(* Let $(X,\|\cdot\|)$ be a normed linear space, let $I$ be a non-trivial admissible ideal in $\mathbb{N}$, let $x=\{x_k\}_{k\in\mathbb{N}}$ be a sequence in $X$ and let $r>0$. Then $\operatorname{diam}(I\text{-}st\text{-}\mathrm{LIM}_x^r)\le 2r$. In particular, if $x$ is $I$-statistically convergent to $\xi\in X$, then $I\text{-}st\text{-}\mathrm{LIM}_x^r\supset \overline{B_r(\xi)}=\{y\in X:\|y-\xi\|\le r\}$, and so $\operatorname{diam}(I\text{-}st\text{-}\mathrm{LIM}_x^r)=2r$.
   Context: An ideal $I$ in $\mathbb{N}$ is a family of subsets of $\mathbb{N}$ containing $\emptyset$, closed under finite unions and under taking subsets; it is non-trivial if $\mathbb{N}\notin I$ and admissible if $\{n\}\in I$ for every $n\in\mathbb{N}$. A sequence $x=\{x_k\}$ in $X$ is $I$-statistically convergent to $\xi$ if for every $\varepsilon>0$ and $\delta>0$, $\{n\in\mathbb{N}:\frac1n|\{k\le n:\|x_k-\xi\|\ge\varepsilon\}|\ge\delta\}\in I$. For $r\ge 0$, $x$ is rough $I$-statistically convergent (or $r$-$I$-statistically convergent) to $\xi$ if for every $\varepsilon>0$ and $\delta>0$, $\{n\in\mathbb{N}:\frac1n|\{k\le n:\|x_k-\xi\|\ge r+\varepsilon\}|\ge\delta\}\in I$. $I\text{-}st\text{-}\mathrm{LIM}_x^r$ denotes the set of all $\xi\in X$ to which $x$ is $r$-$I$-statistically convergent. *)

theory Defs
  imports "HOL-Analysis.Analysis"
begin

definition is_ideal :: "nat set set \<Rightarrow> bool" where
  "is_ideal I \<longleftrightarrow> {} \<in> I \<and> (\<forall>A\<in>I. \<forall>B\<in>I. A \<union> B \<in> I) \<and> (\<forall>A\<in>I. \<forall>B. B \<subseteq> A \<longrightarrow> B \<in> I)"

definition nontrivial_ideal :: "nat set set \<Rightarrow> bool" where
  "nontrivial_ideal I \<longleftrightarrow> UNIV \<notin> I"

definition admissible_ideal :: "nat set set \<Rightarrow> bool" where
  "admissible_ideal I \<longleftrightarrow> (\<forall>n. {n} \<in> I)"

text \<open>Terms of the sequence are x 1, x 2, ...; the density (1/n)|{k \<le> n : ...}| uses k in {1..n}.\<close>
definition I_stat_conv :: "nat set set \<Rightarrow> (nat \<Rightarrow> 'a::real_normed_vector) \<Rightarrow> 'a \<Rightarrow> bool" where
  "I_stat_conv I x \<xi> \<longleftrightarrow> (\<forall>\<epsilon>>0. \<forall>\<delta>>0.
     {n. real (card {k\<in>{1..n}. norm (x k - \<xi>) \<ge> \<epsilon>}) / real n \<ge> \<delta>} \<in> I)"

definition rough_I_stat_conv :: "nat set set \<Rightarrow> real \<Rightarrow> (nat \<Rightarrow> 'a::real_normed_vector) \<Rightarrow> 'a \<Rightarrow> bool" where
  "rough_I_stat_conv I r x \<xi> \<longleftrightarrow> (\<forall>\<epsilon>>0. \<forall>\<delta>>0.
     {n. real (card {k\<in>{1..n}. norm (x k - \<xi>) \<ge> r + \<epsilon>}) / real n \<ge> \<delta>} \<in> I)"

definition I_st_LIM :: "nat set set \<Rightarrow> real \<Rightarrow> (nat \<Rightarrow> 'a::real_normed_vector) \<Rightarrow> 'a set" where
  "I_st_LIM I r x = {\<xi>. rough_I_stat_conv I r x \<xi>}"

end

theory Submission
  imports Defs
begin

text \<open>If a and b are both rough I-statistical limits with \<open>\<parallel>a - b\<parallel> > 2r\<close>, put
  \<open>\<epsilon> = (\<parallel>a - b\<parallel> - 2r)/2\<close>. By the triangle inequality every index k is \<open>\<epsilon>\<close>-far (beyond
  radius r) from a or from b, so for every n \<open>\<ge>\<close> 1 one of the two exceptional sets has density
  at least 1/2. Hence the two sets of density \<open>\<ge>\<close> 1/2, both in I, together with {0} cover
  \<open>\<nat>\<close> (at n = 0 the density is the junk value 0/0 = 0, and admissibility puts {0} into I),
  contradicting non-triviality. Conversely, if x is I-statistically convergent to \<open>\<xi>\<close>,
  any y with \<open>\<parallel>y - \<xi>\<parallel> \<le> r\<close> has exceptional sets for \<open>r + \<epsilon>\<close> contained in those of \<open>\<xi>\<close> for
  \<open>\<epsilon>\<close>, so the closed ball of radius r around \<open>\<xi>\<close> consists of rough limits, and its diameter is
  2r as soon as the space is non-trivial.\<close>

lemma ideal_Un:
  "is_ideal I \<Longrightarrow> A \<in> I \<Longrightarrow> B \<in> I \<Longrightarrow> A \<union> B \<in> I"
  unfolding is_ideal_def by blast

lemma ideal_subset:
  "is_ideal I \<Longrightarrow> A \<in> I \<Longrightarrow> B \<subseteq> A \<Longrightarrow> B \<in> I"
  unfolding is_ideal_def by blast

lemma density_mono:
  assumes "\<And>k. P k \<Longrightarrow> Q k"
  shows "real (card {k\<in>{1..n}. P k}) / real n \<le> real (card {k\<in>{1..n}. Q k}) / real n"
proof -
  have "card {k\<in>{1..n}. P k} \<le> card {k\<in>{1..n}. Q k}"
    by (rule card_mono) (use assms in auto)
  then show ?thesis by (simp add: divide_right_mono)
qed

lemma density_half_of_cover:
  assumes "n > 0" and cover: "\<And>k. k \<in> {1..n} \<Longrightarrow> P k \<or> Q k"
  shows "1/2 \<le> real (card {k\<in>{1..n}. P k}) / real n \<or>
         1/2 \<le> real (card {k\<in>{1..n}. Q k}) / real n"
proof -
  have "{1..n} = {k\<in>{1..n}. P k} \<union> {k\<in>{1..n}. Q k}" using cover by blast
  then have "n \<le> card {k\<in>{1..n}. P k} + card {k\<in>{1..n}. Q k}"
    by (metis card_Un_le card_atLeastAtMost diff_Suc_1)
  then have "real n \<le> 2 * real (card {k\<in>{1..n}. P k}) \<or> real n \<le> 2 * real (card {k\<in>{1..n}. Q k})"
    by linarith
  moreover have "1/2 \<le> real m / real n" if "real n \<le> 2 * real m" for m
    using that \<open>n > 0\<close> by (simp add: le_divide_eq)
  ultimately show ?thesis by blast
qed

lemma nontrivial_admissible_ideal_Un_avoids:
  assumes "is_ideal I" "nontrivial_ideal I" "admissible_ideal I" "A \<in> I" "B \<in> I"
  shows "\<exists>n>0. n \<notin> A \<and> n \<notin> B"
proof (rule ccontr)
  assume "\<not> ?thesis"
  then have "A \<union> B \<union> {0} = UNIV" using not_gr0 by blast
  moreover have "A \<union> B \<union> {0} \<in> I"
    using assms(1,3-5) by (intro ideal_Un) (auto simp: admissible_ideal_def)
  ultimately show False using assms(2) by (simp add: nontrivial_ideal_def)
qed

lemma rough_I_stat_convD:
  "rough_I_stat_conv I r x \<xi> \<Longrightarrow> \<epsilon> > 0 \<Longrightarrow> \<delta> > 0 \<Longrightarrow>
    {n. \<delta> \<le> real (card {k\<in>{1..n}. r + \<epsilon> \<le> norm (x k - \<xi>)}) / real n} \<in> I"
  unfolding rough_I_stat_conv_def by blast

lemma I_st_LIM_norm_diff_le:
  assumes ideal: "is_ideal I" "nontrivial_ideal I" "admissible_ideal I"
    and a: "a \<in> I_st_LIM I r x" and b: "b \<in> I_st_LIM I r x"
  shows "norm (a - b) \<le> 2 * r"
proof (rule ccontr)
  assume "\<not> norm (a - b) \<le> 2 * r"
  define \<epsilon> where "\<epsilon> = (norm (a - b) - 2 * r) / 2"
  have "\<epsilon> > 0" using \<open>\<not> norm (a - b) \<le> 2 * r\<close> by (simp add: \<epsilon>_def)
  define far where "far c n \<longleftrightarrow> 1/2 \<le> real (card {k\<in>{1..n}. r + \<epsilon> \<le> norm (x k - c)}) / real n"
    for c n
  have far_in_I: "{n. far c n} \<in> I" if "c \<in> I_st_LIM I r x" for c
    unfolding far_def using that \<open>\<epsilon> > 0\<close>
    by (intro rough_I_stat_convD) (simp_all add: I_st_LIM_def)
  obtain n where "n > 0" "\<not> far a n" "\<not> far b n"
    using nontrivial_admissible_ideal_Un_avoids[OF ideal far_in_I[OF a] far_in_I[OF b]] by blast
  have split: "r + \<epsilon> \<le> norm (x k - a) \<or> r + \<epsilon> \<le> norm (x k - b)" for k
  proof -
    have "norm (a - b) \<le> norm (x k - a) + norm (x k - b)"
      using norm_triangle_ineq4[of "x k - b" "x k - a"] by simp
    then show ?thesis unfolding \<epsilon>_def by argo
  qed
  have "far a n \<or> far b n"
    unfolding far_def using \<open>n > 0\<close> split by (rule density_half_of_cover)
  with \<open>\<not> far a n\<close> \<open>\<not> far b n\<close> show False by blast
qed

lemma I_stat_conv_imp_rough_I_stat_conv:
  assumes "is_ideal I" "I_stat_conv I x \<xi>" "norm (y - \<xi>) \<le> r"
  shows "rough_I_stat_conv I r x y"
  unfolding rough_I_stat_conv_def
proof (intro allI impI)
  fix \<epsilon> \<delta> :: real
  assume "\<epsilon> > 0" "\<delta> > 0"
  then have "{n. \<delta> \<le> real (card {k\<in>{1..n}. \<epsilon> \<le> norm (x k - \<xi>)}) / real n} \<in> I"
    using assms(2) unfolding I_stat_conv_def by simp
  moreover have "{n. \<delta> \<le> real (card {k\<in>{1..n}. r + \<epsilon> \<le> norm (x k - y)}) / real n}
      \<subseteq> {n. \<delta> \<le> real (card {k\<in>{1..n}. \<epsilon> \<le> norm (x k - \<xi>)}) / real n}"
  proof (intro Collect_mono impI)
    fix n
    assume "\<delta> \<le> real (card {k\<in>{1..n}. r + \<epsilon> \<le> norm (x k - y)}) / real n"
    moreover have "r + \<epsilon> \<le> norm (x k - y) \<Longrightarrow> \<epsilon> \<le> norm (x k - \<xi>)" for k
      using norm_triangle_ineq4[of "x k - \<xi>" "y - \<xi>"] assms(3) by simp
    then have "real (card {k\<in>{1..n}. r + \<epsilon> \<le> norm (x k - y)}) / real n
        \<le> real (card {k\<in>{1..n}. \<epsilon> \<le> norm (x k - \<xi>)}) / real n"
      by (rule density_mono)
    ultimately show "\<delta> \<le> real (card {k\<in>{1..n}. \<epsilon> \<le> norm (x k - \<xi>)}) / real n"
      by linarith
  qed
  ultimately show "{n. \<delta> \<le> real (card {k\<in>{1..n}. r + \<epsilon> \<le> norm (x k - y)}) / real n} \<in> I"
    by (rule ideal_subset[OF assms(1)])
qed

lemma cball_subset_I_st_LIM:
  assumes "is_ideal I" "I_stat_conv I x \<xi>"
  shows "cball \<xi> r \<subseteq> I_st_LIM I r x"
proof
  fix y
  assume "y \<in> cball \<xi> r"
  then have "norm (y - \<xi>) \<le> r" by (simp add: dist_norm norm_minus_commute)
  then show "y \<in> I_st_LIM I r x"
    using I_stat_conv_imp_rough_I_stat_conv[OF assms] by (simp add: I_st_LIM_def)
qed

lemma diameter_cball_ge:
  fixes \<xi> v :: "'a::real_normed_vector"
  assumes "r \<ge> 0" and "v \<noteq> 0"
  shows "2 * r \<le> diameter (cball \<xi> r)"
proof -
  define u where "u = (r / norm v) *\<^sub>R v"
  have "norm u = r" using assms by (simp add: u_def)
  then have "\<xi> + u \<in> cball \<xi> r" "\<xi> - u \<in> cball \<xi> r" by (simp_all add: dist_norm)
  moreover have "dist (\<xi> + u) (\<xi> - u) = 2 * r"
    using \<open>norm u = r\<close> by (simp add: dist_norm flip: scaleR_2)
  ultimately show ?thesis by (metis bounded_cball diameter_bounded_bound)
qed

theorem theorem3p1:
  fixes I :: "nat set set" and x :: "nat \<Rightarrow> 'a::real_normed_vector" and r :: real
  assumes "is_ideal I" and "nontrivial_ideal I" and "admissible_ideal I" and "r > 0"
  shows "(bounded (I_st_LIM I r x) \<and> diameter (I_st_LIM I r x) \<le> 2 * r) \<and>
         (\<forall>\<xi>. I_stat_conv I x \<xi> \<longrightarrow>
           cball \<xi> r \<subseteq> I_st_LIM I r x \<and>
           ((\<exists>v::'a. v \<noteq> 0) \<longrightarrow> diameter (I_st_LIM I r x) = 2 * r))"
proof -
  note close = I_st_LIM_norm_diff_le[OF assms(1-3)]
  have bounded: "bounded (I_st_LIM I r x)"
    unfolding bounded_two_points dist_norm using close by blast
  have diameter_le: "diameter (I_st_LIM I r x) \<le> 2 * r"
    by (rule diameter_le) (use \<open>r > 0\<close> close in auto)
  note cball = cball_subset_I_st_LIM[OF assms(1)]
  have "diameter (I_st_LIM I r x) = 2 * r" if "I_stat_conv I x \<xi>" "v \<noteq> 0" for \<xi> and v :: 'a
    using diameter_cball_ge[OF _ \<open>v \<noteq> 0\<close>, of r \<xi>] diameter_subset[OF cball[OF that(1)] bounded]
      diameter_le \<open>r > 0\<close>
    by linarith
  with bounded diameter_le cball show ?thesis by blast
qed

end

────

From the data above, reproduce word for word the lines running from the line with "(x k - a) \<or>" to the line with "n \<or> far", ends included.

Response below:
  have split: "r + \<epsilon> \<le> norm (x k - a) \<or> r + \<epsilon> \<le> norm (x k - b)" for k
  proof -
    have "norm (a - b) \<le> norm (x k - a) + norm (x k - b)"
      using norm_triangle_ineq4[of "x k - b" "x k - a"] by simp
    then show ?thesis unfolding \<epsilon>_def by argo
  qed
  have "far a n \<or> far b n"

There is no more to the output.